__WHAT IS NEEDED__.
Some lines hold the string "thesis". Copy all of them from the material that follows.

__DATA SHOWN__.
BEGIN
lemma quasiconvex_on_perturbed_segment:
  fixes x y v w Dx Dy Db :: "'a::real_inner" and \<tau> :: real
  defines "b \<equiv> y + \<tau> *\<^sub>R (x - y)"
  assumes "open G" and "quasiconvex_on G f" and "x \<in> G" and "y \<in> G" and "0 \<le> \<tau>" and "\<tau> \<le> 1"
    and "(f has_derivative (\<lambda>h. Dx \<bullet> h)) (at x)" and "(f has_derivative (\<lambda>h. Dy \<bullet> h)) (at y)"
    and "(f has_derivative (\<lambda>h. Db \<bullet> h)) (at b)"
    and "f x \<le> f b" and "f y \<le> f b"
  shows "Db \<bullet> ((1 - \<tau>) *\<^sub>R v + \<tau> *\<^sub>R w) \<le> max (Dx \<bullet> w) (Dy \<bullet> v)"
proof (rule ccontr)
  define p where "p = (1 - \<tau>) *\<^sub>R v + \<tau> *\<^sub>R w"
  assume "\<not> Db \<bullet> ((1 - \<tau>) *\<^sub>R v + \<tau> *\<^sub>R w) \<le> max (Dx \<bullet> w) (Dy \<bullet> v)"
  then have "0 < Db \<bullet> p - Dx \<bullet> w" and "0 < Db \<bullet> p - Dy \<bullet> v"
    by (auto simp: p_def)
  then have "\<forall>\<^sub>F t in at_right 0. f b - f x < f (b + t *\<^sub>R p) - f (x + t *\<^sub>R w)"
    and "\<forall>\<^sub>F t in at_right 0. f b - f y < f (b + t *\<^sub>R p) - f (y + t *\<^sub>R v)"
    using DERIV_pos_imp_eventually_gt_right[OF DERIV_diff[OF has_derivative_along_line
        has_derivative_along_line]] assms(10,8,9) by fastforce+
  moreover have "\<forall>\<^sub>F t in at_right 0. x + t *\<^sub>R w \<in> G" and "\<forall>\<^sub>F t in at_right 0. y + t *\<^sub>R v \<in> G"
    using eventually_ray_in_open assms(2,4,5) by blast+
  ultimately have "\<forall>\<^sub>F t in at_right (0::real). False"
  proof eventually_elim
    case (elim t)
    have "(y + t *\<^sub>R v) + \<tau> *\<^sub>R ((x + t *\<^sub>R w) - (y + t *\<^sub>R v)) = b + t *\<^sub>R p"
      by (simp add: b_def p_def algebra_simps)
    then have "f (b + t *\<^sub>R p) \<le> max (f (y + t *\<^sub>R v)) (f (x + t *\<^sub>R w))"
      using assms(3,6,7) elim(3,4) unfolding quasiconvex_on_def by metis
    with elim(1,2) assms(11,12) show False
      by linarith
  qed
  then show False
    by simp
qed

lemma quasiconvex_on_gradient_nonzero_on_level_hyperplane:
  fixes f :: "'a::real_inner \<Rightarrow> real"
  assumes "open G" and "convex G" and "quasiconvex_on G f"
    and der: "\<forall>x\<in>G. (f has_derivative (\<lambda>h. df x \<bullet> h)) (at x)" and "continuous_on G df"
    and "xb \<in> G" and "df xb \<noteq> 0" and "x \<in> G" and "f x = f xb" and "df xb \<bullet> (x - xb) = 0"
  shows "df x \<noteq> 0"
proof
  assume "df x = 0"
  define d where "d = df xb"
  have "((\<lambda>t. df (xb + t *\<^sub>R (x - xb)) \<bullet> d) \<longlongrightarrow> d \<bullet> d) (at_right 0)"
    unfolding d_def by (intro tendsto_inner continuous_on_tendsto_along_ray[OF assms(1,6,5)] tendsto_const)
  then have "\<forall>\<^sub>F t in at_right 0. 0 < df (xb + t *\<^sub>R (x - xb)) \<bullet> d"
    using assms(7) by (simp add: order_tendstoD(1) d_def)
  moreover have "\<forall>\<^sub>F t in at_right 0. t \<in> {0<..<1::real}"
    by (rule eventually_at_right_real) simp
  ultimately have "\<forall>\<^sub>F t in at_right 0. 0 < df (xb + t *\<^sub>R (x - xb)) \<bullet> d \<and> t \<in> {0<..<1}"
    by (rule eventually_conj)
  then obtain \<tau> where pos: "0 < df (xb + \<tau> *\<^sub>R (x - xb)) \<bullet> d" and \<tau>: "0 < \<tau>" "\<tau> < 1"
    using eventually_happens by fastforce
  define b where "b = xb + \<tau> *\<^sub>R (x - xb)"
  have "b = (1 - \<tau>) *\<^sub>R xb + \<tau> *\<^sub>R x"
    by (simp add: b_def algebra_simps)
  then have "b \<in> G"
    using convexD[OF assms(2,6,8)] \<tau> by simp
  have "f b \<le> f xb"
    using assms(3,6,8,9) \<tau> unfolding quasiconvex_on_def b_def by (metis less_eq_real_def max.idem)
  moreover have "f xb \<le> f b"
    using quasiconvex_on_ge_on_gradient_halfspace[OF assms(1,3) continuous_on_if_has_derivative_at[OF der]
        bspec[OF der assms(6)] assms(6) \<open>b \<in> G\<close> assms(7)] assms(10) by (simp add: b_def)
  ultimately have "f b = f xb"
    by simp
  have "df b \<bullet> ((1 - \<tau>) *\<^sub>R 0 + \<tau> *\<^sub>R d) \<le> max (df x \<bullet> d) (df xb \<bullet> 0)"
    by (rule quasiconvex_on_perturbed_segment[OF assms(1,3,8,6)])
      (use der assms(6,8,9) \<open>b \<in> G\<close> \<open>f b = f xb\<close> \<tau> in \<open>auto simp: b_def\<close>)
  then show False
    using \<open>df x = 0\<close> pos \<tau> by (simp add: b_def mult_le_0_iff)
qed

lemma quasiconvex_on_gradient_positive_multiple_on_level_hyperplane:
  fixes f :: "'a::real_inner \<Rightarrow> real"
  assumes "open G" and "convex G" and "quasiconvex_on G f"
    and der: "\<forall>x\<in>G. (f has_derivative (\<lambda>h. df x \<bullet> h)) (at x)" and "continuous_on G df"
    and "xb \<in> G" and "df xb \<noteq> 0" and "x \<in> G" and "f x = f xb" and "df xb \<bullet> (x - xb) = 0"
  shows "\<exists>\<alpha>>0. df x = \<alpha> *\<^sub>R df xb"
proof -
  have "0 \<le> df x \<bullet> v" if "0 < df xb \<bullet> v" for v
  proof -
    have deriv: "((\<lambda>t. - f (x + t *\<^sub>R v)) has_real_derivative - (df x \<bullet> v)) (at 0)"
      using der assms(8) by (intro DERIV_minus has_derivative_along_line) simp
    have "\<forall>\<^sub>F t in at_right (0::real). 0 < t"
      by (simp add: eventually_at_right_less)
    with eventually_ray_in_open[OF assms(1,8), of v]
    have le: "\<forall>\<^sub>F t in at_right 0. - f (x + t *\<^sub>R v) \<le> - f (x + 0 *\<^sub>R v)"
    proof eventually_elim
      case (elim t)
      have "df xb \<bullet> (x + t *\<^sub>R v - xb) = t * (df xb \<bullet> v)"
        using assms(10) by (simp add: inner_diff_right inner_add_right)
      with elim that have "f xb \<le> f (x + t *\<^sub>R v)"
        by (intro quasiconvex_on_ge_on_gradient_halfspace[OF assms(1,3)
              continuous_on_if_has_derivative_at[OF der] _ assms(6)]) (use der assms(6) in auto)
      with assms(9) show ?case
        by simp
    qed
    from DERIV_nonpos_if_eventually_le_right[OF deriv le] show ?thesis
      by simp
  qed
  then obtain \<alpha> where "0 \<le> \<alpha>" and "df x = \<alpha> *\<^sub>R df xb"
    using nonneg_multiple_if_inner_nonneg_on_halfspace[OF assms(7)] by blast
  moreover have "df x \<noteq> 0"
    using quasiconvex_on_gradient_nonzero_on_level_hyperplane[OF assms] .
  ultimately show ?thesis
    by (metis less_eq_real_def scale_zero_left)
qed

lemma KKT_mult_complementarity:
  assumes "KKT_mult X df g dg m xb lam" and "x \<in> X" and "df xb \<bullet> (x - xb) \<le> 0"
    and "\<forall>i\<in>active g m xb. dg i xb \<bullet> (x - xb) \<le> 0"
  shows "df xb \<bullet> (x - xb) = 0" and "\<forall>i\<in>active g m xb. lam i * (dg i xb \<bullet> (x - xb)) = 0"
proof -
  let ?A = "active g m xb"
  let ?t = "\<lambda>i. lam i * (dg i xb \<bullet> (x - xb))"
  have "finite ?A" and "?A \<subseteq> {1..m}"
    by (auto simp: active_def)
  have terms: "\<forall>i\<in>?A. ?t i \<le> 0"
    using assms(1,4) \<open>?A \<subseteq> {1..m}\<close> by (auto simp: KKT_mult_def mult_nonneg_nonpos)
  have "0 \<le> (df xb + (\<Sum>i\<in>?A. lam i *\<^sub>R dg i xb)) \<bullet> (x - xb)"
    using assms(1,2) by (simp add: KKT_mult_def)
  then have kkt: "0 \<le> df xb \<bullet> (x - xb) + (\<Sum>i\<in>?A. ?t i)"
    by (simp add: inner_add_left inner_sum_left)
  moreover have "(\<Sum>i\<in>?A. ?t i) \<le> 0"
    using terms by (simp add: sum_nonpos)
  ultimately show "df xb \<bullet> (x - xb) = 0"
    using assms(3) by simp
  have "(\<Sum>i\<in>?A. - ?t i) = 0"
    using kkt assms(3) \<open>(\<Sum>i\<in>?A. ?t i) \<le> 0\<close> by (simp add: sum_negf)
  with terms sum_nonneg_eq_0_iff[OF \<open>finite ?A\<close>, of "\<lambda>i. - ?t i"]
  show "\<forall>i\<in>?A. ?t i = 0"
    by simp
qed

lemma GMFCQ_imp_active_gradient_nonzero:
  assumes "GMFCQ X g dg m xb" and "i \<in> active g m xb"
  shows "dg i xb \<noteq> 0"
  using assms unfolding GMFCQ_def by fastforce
END
__TASK ANSWER__.
    from DERIV_nonpos_if_eventually_le_right[OF deriv le] show ?thesis
  ultimately show ?thesis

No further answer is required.